I Carabinieri hanno immediatamente attivato il Servizio veterinario ASL che giunto sul luogo, non ha potuto che constatarne il decesso. Il pastore è stato quindi condotto in caserma e denunciato dai Carabinieri per uccisione di animali.
“A seguito dei fatti, che abbiamo subito condannato pubblicamente con l’intervento della nostra
sede locale di Viterbo, abbiamo deciso di nominare un avvocato per poter seguire direttamente la
vicenda legale e assicurare giustizia a questo povero animale– dichiara Ilaria Innocenti
Responsabile LAV area animali familiari, che aggiunge –ciò è stato possibile anche grazie alla
generosità una nostra sostenitrice che, appresa la notizia, ha deciso di contribuire alla battaglia
legale con una donazione”.
Ogni giorno in Italia moltissimi animali sono vittime della violenza dell’uomo.
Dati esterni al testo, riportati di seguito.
lemma vec_mat_lincomb:
  assumes "length z = l" "square_rows l R"
  shows "vec_mat l z (mat_of_rows R) = lincomb l z R"
proof (rule nth_equalityI)
  show "length (vec_mat l z (mat_of_rows R)) = length (lincomb l z R)"
    using assms by (simp add: vec_mat_def square_rows_def)
next
  fix j assume "j < length (vec_mat l z (mat_of_rows R))"
  then have j: "j < l" by (simp add: vec_mat_def)
  have "lincomb l z R ! j = odd (length (filter (\<lambda>(c, r). c \<and> r ! j) (zip z R)))"
    using nth_lincomb[of z R l j] assms j by (simp add: square_rows_def)
  also have "length (filter (\<lambda>(c, r). c \<and> r ! j) (zip z R)) = card {i. i < l \<and> z ! i \<and> R ! i ! j}"
    by (subst length_filter_conv_card)
       (use assms in \<open>auto simp: square_rows_def intro!: arg_cong[where f=card]\<close>)
  finally show "vec_mat l z (mat_of_rows R) ! j = lincomb l z R ! j"
    using j by (simp add: vec_mat_def mat_of_rows_def)
qed

lemma lin_kernel_lincomb:
  "square_rows l R \<Longrightarrow> length z = l \<Longrightarrow> lin_kernel l (mat_of_rows R) z = lincomb l z R"
  by (simp add: lin_kernel_def vec_mat_lincomb)

lemma lincomb_id_rows: "length z = n \<Longrightarrow> lincomb n z (id_rows n) = z"
proof -
  assume z: "length z = n"
  have sq: "square_rows n (id_rows n)" by (simp add: square_rows_def id_rows_def)
  have "vec_mat n z (mat_of_rows (id_rows n)) = z"
  proof (rule nth_equalityI)
    fix j assume "j < length (vec_mat n z (mat_of_rows (id_rows n)))"
    then have j: "j < n" by (simp add: vec_mat_def)
    have "{i. i < n \<and> z ! i \<and> mat_of_rows (id_rows n) i j} = (if z ! j then {j} else {})"
      using j by (auto simp: mat_of_rows_def id_rows_def)
    then show "vec_mat n z (mat_of_rows (id_rows n)) ! j = z ! j"
      using j by (simp add: vec_mat_def)
  qed (simp add: vec_mat_def z)
  then show ?thesis using vec_mat_lincomb[OF z sq] by simp
qed

section \<open>Invertibility from an explicit inverse\<close>

definition mutually_inverse :: "nat \<Rightarrow> bool list list \<Rightarrow> bool list list \<Rightarrow> bool" where
  "mutually_inverse l R S \<longleftrightarrow> square_rows l R \<and> square_rows l S \<and>
     map (\<lambda>r. lincomb l r S) R = id_rows l \<and> map (\<lambda>s. lincomb l s R) S = id_rows l"

lemma mutually_inverse_sym: "mutually_inverse l R S \<Longrightarrow> mutually_inverse l S R"
  by (auto simp: mutually_inverse_def)

lemma lincomb_cancel:
  assumes "mutually_inverse l R S" "length x = l"
  shows "lincomb l (lincomb l x R) S = x"
proof -
  have sq: "square_rows l R" "square_rows l S" using assms(1) by (auto simp: mutually_inverse_def)
  have "lincomb l (lincomb l x R) S = lincomb l x (map (\<lambda>r. lincomb l r S) R)"
    using lincomb_lincomb[of x R S l] sq assms(2) by (simp add: square_rows_def)
  also have "\<dots> = x"
    using assms by (simp add: mutually_inverse_def lincomb_id_rows)
  finally show ?thesis .
qed

lemma mat_mult2_lincomb:
  assumes "square_rows l R" "square_rows l S" "i < l" "j < l"
  shows "mat_mult2 l (mat_of_rows R) (mat_of_rows S) i j = lincomb l (R ! i) S ! j"
proof -
  have "mat_mult2 l (mat_of_rows R) (mat_of_rows S) i j = vec_mat l (R ! i) (mat_of_rows S) ! j"
    using assms(4) by (simp add: mat_mult2_def vec_mat_def mat_of_rows_def)
  also have "\<dots> = lincomb l (R ! i) S ! j"
    using assms by (simp add: vec_mat_lincomb square_rows_def)
  finally show ?thesis .
qed

lemma invertible2_if_mutually_inverse:
  assumes "mutually_inverse l R S"
  shows "invertible2 l (mat_of_rows R)"
  unfolding invertible2_def
proof (intro exI[of _ "mat_of_rows S"] allI impI conjI)
  have sq: "square_rows l R" "square_rows l S" using assms by (auto simp: mutually_inverse_def)
  fix i j assume ij: "i < l" "j < l"
  have "lincomb l (R ! i) S = id_rows l ! i" "lincomb l (S ! i) R = id_rows l ! i"
    using assms ij sq by (metis mutually_inverse_def nth_map square_rows_def)+
  then show "mat_mult2 l (mat_of_rows R) (mat_of_rows S) i j = (i = j)"
    "mat_mult2 l (mat_of_rows S) (mat_of_rows R) i j = (i = j)"
    using ij sq by (simp_all add: mat_mult2_lincomb id_rows_def)
qed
Secondo
l’ultimo rapporto dell’Osservatorio Zoomafia LAV (2020) nel corso del 2019 sono stati aperti 7.111
fascicoli per reati in danno degli animali, con 4758 indagati. Nello stesso anno nel Lazio – regione
teatro di questo terribile episodio – sono stati rispettivamente 950 i procedimenti e 430 gli indagati,
quasi il 10% del totale nazionale.
Maltrattare e uccidere animali è un reato. LAV chiede una modifica della legge 189/2004 (“Disposizioni concernenti il divieto di maltrattamento degli animali, nonché di impiego degli stessi in combattimenti clandestini o competizioni non autorizzate”) per inasprire le pene verso chi commetti reati contro gli animali e renderle più efficaci.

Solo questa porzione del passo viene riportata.